In beide procedures:

het verzoek van de man, ingekomen op 19 april 2022;

het verweerschrift van de vrouw;

het F9-formulier van 26 oktober 2022 met producties van de vrouw;

het F9-formulier van 28 oktober 2022 met producties van de man;

het F9-formulier van 4 november 2022 met producties van de vrouw.

In de procedure met zaak- en rekestnummer: C/13/716575 / FA RK 22/2453:

het proces-verbaal van bevindingen van deze rechtbank van 22 april 2022;

de brief van 1 juli 2022 van de man met de onderbouwing van het spoedeisend belang.

1.2.

Vanwege de onderlinge samenhang worden bovengenoemde procedures gezamenlijk behandeld.

1.3.

De mondelinge behandeling achter gesloten deuren heeft plaatsgevonden op 8 november 2022.

Verschenen zijn: partijen en hun advocaten.

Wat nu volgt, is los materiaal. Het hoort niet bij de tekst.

lemma W_distinguishing_if_isolated:
  assumes W: "W \<subseteq> V" and x: "x \<in> nbhd_set V E W - W"
    and iso: "\<forall>y\<in>nbhd_set V E W - W. \<not> E x y"
  shows "W_distinguishing V E W x"
proof -
  obtain w0 where x': "x \<in> V - W" "w0 \<in> W" "E w0 x" using x unfolding mem_boundary_iff by blast
  then have "setdist V E x W = 1" using setdist_eq_1[OF _ W _ x'(2) adj_sym] by blast
  moreover have "gdist V E x z \<noteq> 1" if z: "z \<in> nbhd_set V E W - W" for z
  proof -
    have "z \<in> V" using z unfolding mem_boundary_iff by blast
    then show ?thesis using gdist_eq_1_iff[of x z] iso z x'(1) by auto
  qed
  ultimately show ?thesis using x'(1) by (simp add: W_distinguishing_def)
qed

lemma twins_of_universal_boundary_vertex:
  assumes W: "\<forall>u\<in>W. \<forall>w\<in>W. twins V E u w" "is_complete_on E W"
    and v: "v \<in> nbhd_set V E W - W" and univ: "\<forall>y\<in>nbhd_set V E W - W. y \<noteq> v \<longrightarrow> E v y"
    and inner: "nbhd V E v \<subseteq> closed_nbhd_set V E W" and w0: "w0 \<in> W" "E w0 v"
  shows "twins V E w0 v"
proof -
  have v': "v \<in> V - W" using v unfolding mem_boundary_iff by blast
  have "E v y" if y: "y \<in> V" "E w0 y" "y \<noteq> v" for y
  proof (cases "y \<in> W")
    case True
    then have "E y v" using twins_adj[of V E w0 y v] W(1) w0 v' by blast
    then show ?thesis by (rule adj_sym)
  next
    case False
    then have "y \<in> nbhd_set V E W - W" unfolding mem_boundary_iff using y w0(1) by blast
    then show ?thesis using univ y(3) by blast
  qed
  moreover have "E w0 y" if y: "y \<in> V" "E v y" "y \<noteq> w0" for y
  proof (cases "y \<in> W")
    case True
    then show ?thesis using W(2) w0(1) y(3) by (simp add: is_complete_on_def)
  next
    case False
    have "y \<in> closed_nbhd_set V E W" using inner y by (auto simp: nbhd_def)
    then obtain w1 where "w1 \<in> W" "E w1 y"
      using False by (auto simp: closed_nbhd_set_def nbhd_set_def nbhd_def)
    then show ?thesis using twins_adj[of V E w1 w0 y] W(1) w0(1) y by blast
  qed
  ultimately show ?thesis using adj_irrefl by (auto simp: twins_def nbhd_def)
qed

lemma universal_boundary_vertex_has_outer_neighbour:
  assumes tau: "tau_set V E W" and comp: "is_complete_on E W"
    and v: "v \<in> nbhd_set V E W - W" and univ: "\<forall>y\<in>nbhd_set V E W - W. y \<noteq> v \<longrightarrow> E v y"
  shows "\<exists>u\<in>V - closed_nbhd_set V E W. E v u"
proof (rule ccontr)
  assume "\<not> ?thesis"
  then have inner: "nbhd V E v \<subseteq> closed_nbhd_set V E W" by (auto simp: nbhd_def)
  obtain w0 where w0: "v \<in> V - W" "w0 \<in> W" "E w0 v" using v unfolding mem_boundary_iff by blast
  have W: "W \<subseteq> V" "\<forall>u\<in>W. \<forall>w\<in>W. twins V E u w" "card W = twin_number V E"
    using tau by (auto simp: tau_set_def)
  have "twins V E w0 v"
    using twins_of_universal_boundary_vertex[OF W(2) comp v univ inner w0(2,3)] .
  then have "insert v W \<subseteq> twin_class V E w0" using W w0 by (auto simp: twin_class_def)
  moreover have "finite (twin_class V E w0)" using finite_vertices by (simp add: twin_class_def)
  ultimately have "card (insert v W) \<le> twin_number V E"
    using card_mono card_twin_class_le[of w0] w0(2) W(1) by (meson le_trans subsetD)
  moreover have "finite W" using W(1) finite_vertices finite_subset by blast
  ultimately show False using W(3) w0(1) by simp
qed

end

theorem lemma24:
  fixes V :: "'a set" and E :: "'a \<Rightarrow> 'a \<Rightarrow> bool" and W :: "'a set"
  assumes "connected_graph V E"
    and "card V \<ge> 2"
    and "2 * twin_number V E > card V"
    and "tau_set V E W"
    and "is_complete_on E W"
  shows "((\<exists>v. W_distinguishing V E W v) \<longrightarrow> partition_dimension V E = twin_number V E + 1)
    \<and> ((\<exists>x\<in>nbhd_set V E W - W. \<forall>y\<in>nbhd_set V E W - W. \<not> E x y)
         \<longrightarrow> partition_dimension V E = twin_number V E + 1)
    \<and> (card (nbhd_set V E W - W) = 1 \<longrightarrow> partition_dimension V E = twin_number V E + 1)
    \<and> (\<forall>v\<in>nbhd_set V E W - W. (\<forall>y\<in>nbhd_set V E W - W. y \<noteq> v \<longrightarrow> E v y)
         \<longrightarrow> (\<exists>u\<in>V - closed_nbhd_set V E W. E v u))"
proof -
  interpret connected_simple_graph V E by unfold_locales (rule assms(1))
  have W: "W \<subseteq> V" "\<forall>u\<in>W. \<forall>w\<in>W. twins V E u w" "card W = twin_number V E"
    using assms(4) by (auto simp: tau_set_def)
  have a: "partition_dimension V E = twin_number V E + 1" if "W_distinguishing V E W v" for v
    using partition_dimension_if_W_distinguishing W assms(3,5) that by auto
  have b: "partition_dimension V E = twin_number V E + 1"
    if "x \<in> nbhd_set V E W - W" "\<forall>y\<in>nbhd_set V E W - W. \<not> E x y" for x
    using a W_distinguishing_if_isolated W(1) that by blast
  have c: "partition_dimension V E = twin_number V E + 1"
    if "card (nbhd_set V E W - W) = 1"
    using b adj_irrefl card_1_singletonE[OF that] by (metis singletonD singletonI)
  show ?thesis
    using a b c universal_boundary_vertex_has_outer_neighbour assms(4,5) by blast
qed

end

De man heeft daarbij pleitaantekeningen overgelegd.

2 De feiten

2.1.

Partijen hebben een affectieve relatie met elkaar gehad.

2.2.

Uit de affectieve relatie is geboren:

[minderjarige] ,geboren te [geboorteplaats] op [geboortedatum] 2011 (hierna te noemen: [minderjarige] ).

2.3.

De man heeft [minderjarige] erkend. Partijen oefenen het gezag gezamenlijk uit. [minderjarige] heeft haar hoofdverblijfplaats bij de vrouw.

2.4.

Bij beschikking van deze rechtbank van 28 oktober 2020 is een kinderbijdrage ten laste van de man vastgesteld van € 628,-- per maand.

2.5.

Voornoemde beschikking is door het hof Amsterdam gewijzigd bij beschikking van 25 januari 2022, waarbij een kinderbijdrage ten laste van de man is vastgesteld van € 724,-- per maand.

3 Het verzoek en verweer

3.1.

De man verzoekt na wijziging – zowel in de bodemprocedure als bij wijze van voorlopige voorzieningen ex art. 223 Rv – de beschikking van het hof Amsterdam d.d. 25 januari 2022 te wijzigen in die zin dat kinderbijdrage met ingang van 28 oktober 2020 primair € 25,-- per maand zal bedragen en subsidiair € 88,-- per maand, waarbij het teveel betaalde door de man met de toekomstige termijnen zal worden verrekend, althans een bijdrage als de rechtbank juist acht.

3.2.

De vrouw voert hiertegen verweer en verzoekt de man niet-ontvankelijk te verklaren dan wel zijn verzoek af te wijzen en tot slot de man te veroordelen in de kosten van het geding.

3.3.

Op de stellingen van partijen wordt hierna nader ingegaan.

4 De beoordeling

4.1.

De man heeft primair aan zijn verzoek ten grondslag gelegd dat de beschikking van het hof dient te worden gewijzigd omdat deze beschikking vanaf de aanvang af niet aan de wettelijke maatstaven heeft voldaan in de zin van artikel 1:401 lid 4 van het Burgerlijk Wetboek (BW). Subsidiair voert de man aan dat sprake is van een wijziging van omstandigheden ex artikel 1:401 lid 1 BW sinds de beschikking van het hof, waardoor de kinderbijdrage gewijzigd dient te worden. De vrouw voert hiertegen verweer.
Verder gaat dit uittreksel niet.